EXERCISE PROMPT: Write out exactly the lines of the entries below, from the first through the line containing "walk (\<partial> x", and nothing beyond them.

──────── RECORDS TO PROCESS ────────

lemma edge_in_V: "E x y \<Longrightarrow> x \<in> V \<and> y \<in> V"
  and edge_sym: "E x y \<Longrightarrow> E y x"
  and no_loop: "\<not> E x x"
  and finite_V: "finite V"
  and V_nonempty: "V \<noteq> {}"
  using simple unfolding simple_graph_def by blast+

lemma card_Collect_V_pos: "u \<in> V \<Longrightarrow> P u \<Longrightarrow> 0 < card {z \<in> V. P z}"
  using finite_V by (auto simp: card_gt_0_iff)

lemma walk_in_V: "walk n x y \<Longrightarrow> x \<in> V \<and> y \<in> V"
  by (induction n arbitrary: x) (auto dest: edge_in_V)

lemma walk_append: "walk m x v \<Longrightarrow> walk n v y \<Longrightarrow> walk (m + n) x y"
  by (induction m arbitrary: x) auto

lemma walk_split: "walk (m + n) x y \<Longrightarrow> \<exists>v. walk m x v \<and> walk n v y"
proof (induction m arbitrary: x)
  case 0
  then show ?case using walk_in_V by auto
next
  case (Suc m)
  then obtain z where "E x z" "walk (m + n) z y" by auto
  moreover obtain v where "walk m z v" "walk n v y" using Suc.IH calculation(2) by blast
  ultimately show ?case by auto
qed

lemma walk_distance: "x \<in> V \<Longrightarrow> y \<in> V \<Longrightarrow> walk (\<partial> x y) x y"
  using connected unfolding connected_graph_def gdist_def by (meson LeastI_ex)

lemma distance_le_walk: "walk n x y \<Longrightarrow> \<partial> x y \<le> n"
  unfolding gdist_def by (rule Least_le)

lemma distance_triangle: "x \<in> V \<Longrightarrow> y \<in> V \<Longrightarrow> z \<in> V \<Longrightarrow> \<partial> x z \<le> \<partial> x y + \<partial> y z"
  using walk_distance[of x y] walk_distance[of y z] walk_append distance_le_walk by blast

lemma distance_eq_0_iff: "x \<in> V \<Longrightarrow> y \<in> V \<Longrightarrow> \<partial> x y = 0 \<longleftrightarrow> x = y"
  using walk_distance[of x y] distance_le_walk[of 0 x y] by auto

lemma distance_edge: "E x y \<Longrightarrow> \<partial> x y = 1"
proof -
  assume xy: "E x y"
  then have "walk 1 x y" using edge_in_V by auto
  then have "\<partial> x y \<le> 1" by (rule distance_le_walk)
  moreover have "\<partial> x y \<noteq> 0" using xy edge_in_V no_loop distance_eq_0_iff by metis
  ultimately show ?thesis by simp
qed

lemma edge_if_distance_1: "x \<in> V \<Longrightarrow> y \<in> V \<Longrightarrow> \<partial> x y = 1 \<Longrightarrow> E x y"
  using walk_distance[of x y] by auto

lemma distance_edge_bounds:
  "x \<in> V \<Longrightarrow> E y z \<Longrightarrow> \<partial> x z \<le> \<partial> x y + 1 \<and> \<partial> x y \<le> \<partial> x z + 1"
  using distance_triangle[of x y z] distance_triangle[of x z y] distance_edge[of y z]
    distance_edge[of z y] edge_sym[of y z] edge_in_V[of y z] by fastforce

end

section \<open>Parameters of distance-regular graphs\<close>

locale distance_regular_graph =
  fixes V :: "'v set" and E :: "'v \<Rightarrow> 'v \<Rightarrow> bool"
    and D :: nat and a b c :: "nat \<Rightarrow> nat"
  assumes distance_regular: "distance_regular V E D a b c"

sublocale distance_regular_graph \<subseteq> connected_simple_graph
  using distance_regular by unfold_locales (simp_all add: distance_regular_def)

context distance_regular_graph
begin

lemma diameter_eq: "diameter V E = D"
  and c_0: "c 0 = 0"
  and c_card: "x \<in> V \<Longrightarrow> y \<in> V \<Longrightarrow> 1 \<le> \<partial> x y \<Longrightarrow>
    card {z \<in> V. E y z \<and> \<partial> x z + 1 = \<partial> x y} = c (\<partial> x y)"
  and a_card: "x \<in> V \<Longrightarrow> y \<in> V \<Longrightarrow>
    card {z \<in> V. E y z \<and> \<partial> x z = \<partial> x y} = a (\<partial> x y)"
  and b_card: "x \<in> V \<Longrightarrow> y \<in> V \<Longrightarrow> \<partial> x y < D \<Longrightarrow>
    card {z \<in> V. E y z \<and> \<partial> x z = \<partial> x y + 1} = b (\<partial> x y)"
  using distance_regular unfolding distance_regular_def Let_def by auto

lemma diameter_attained: "\<exists>x\<in>V. \<exists>y\<in>V. \<partial> x y = D"
proof -
  let ?S = "{\<partial> x y | x y. x \<in> V \<and> y \<in> V}"
  have "?S = case_prod \<partial> ` (V \<times> V)" by auto
  then have "finite ?S" using finite_V by simp
  moreover have "?S \<noteq> {}" using V_nonempty by auto
  ultimately have "Max ?S \<in> ?S" by (rule Max_in)
  then have "D \<in> ?S" using diameter_eq unfolding diameter_def by simp
  then show ?thesis by blast
qed

lemma outward_edge_exists:
  assumes "i < D"
  obtains x y z where "x \<in> V" "y \<in> V" "\<partial> x y = i" "E y z" "\<partial> x z = i + 1"
proof -
  obtain x w where xw: "x \<in> V" "w \<in> V" "\<partial> x w = D" using diameter_attained by blast
  have "walk (i + Suc (D - i - 1)) x w" using walk_distance[OF xw(1,2)] xw(3) assms by simp
  then obtain y where y: "walk i x y" "walk (Suc (D - i - 1)) y w" using walk_split by blast
  then obtain z where z: "E y z" "walk (D - i - 1) z w" by auto
  have "D \<le> \<partial> x z + \<partial> z w" using distance_triangle[of x z w] xw edge_in_V[OF z(1)] by simp
  moreover have "\<partial> z w \<le> D - i - 1" using distance_le_walk[OF z(2)] .
  moreover have "\<partial> x y \<le> i" using distance_le_walk[OF y(1)] .
  moreover have "\<partial> x z \<le> \<partial> x y + 1" using distance_edge_bounds[OF xw(1) z(1)] by simp
  ultimately have "\<partial> x y = i" "\<partial> x z = i + 1" using assms by linarith+
  moreover have "y \<in> V" using walk_in_V[OF y(1)] by simp
  ultimately show ?thesis using that xw(1) z(1) by blast
qed

lemma a_0: "a 0 = 0"
proof -
  obtain x where x: "x \<in> V" using V_nonempty by blast
  have xx: "\<partial> x x = 0" using distance_eq_0_iff[OF x x] by simp
  have "{z \<in> V. E x z \<and> \<partial> x z = \<partial> x x} = {}"
    using distance_edge xx by auto
  with a_card[OF x x] have "a (\<partial> x x) = 0" by simp
  then show ?thesis unfolding xx .
qed

lemma valency: "0 < D \<Longrightarrow> y \<in> V \<Longrightarrow> card {z \<in> V. E y z} = b 0"
proof -
  assume "0 < D" and y: "y \<in> V"
  have yy: "\<partial> y y = 0" using distance_eq_0_iff[OF y y] by simp
  have "{z \<in> V. E y z} = {z \<in> V. E y z \<and> \<partial> y z = \<partial> y y + 1}"
    using distance_edge yy by auto
  also have "card \<dots> = b (\<partial> y y)" by (rule b_card[OF y y]) (simp add: yy \<open>0 < D\<close>)
  finally show ?thesis unfolding yy .
qed

lemma c_1: "0 < D \<Longrightarrow> c 1 = 1"
proof -
  assume "0 < D"
  obtain x y z where t: "x \<in> V" "y \<in> V" "\<partial> x y = 0" "E y z" "\<partial> x z = 0 + 1"
    by (rule outward_edge_exists[OF \<open>0 < D\<close>])
  have "y = x" using t(1-3) distance_eq_0_iff by blast
  have "{w \<in> V. E z w \<and> \<partial> x w + 1 = \<partial> x z} = {w \<in> V. E z w \<and> w = x}"
    using t(5) distance_eq_0_iff[OF t(1)] by auto
  also have "\<dots> = {x}" using t(1,4) \<open>y = x\<close> edge_sym by auto
  finally show ?thesis using c_card[of x z] t(1,5) edge_in_V[OF t(4)] by simp
qed

lemma abc_sum: "i < D \<Longrightarrow> a i + b i + c i = b 0"
proof (cases "i = 0")
  case True
  then show ?thesis using a_0 c_0 by simp
next
  case False
  assume "i < D"
  then obtain x y z where t: "x \<in> V" "y \<in> V" "\<partial> x y = i" "E y z" "\<partial> x z = i + 1"
    by (rule outward_edge_exists)
  define C where "C = {w \<in> V. E y w \<and> \<partial> x w + 1 = i}"
  define A where "A = {w \<in> V. E y w \<and> \<partial> x w = i}"
  define B where "B = {w \<in> V. E y w \<and> \<partial> x w = i + 1}"
  have "\<partial> x w + 1 = i \<or> \<partial> x w = i \<or> \<partial> x w = i + 1" if "E y w" for w
    using distance_edge_bounds[OF t(1) that] t(3) by linarith
  then have "{w \<in> V. E y w} = C \<union> A \<union> B" unfolding A_def B_def C_def by blast
  moreover have "finite C" "finite A" "finite B" using finite_V unfolding A_def B_def C_def by auto
  moreover have "C \<inter> A = {}" "(C \<union> A) \<inter> B = {}" unfolding A_def B_def C_def by auto
  ultimately have "card {w \<in> V. E y w} = card C + card A + card B"
    by (simp add: card_Un_disjoint)
  moreover have "card C = c i" using c_card[OF t(1,2)] t(3) False unfolding C_def by simp
  moreover have "card A = a i" using a_card[OF t(1,2)] t(3) unfolding A_def by simp
  moreover have "card B = b i" using b_card[OF t(1,2)] t(3) \<open>i < D\<close> unfolding B_def by simp
  ultimately show ?thesis using valency[OF _ t(2)] \<open>i < D\<close> by simp
qed

lemma b_pos: "i < D \<Longrightarrow> 0 < b i"
proof -
  assume "i < D"
  then obtain x y z where t: "x \<in> V" "y \<in> V" "\<partial> x y = i" "E y z" "\<partial> x z = i + 1"
    by (rule outward_edge_exists)
  then have "0 < card {w \<in> V. E y w \<and> \<partial> x w = \<partial> x y + 1}"
    using edge_in_V by (intro card_Collect_V_pos[of z]) auto
  then show ?thesis using b_card[OF t(1,2)] t(3) \<open>i < D\<close> by simp
qed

────────

EXERCISE RESPONSE:
lemma edge_in_V: "E x y \<Longrightarrow> x \<in> V \<and> y \<in> V"
  and edge_sym: "E x y \<Longrightarrow> E y x"
  and no_loop: "\<not> E x x"
  and finite_V: "finite V"
  and V_nonempty: "V \<noteq> {}"
  using simple unfolding simple_graph_def by blast+

lemma card_Collect_V_pos: "u \<in> V \<Longrightarrow> P u \<Longrightarrow> 0 < card {z \<in> V. P z}"
  using finite_V by (auto simp: card_gt_0_iff)

lemma walk_in_V: "walk n x y \<Longrightarrow> x \<in> V \<and> y \<in> V"
  by (induction n arbitrary: x) (auto dest: edge_in_V)

lemma walk_append: "walk m x v \<Longrightarrow> walk n v y \<Longrightarrow> walk (m + n) x y"
  by (induction m arbitrary: x) auto

lemma walk_split: "walk (m + n) x y \<Longrightarrow> \<exists>v. walk m x v \<and> walk n v y"
proof (induction m arbitrary: x)
  case 0
  then show ?case using walk_in_V by auto
next
  case (Suc m)
  then obtain z where "E x z" "walk (m + n) z y" by auto
  moreover obtain v where "walk m z v" "walk n v y" using Suc.IH calculation(2) by blast
  ultimately show ?case by auto
qed

lemma walk_distance: "x \<in> V \<Longrightarrow> y \<in> V \<Longrightarrow> walk (\<partial> x y) x y"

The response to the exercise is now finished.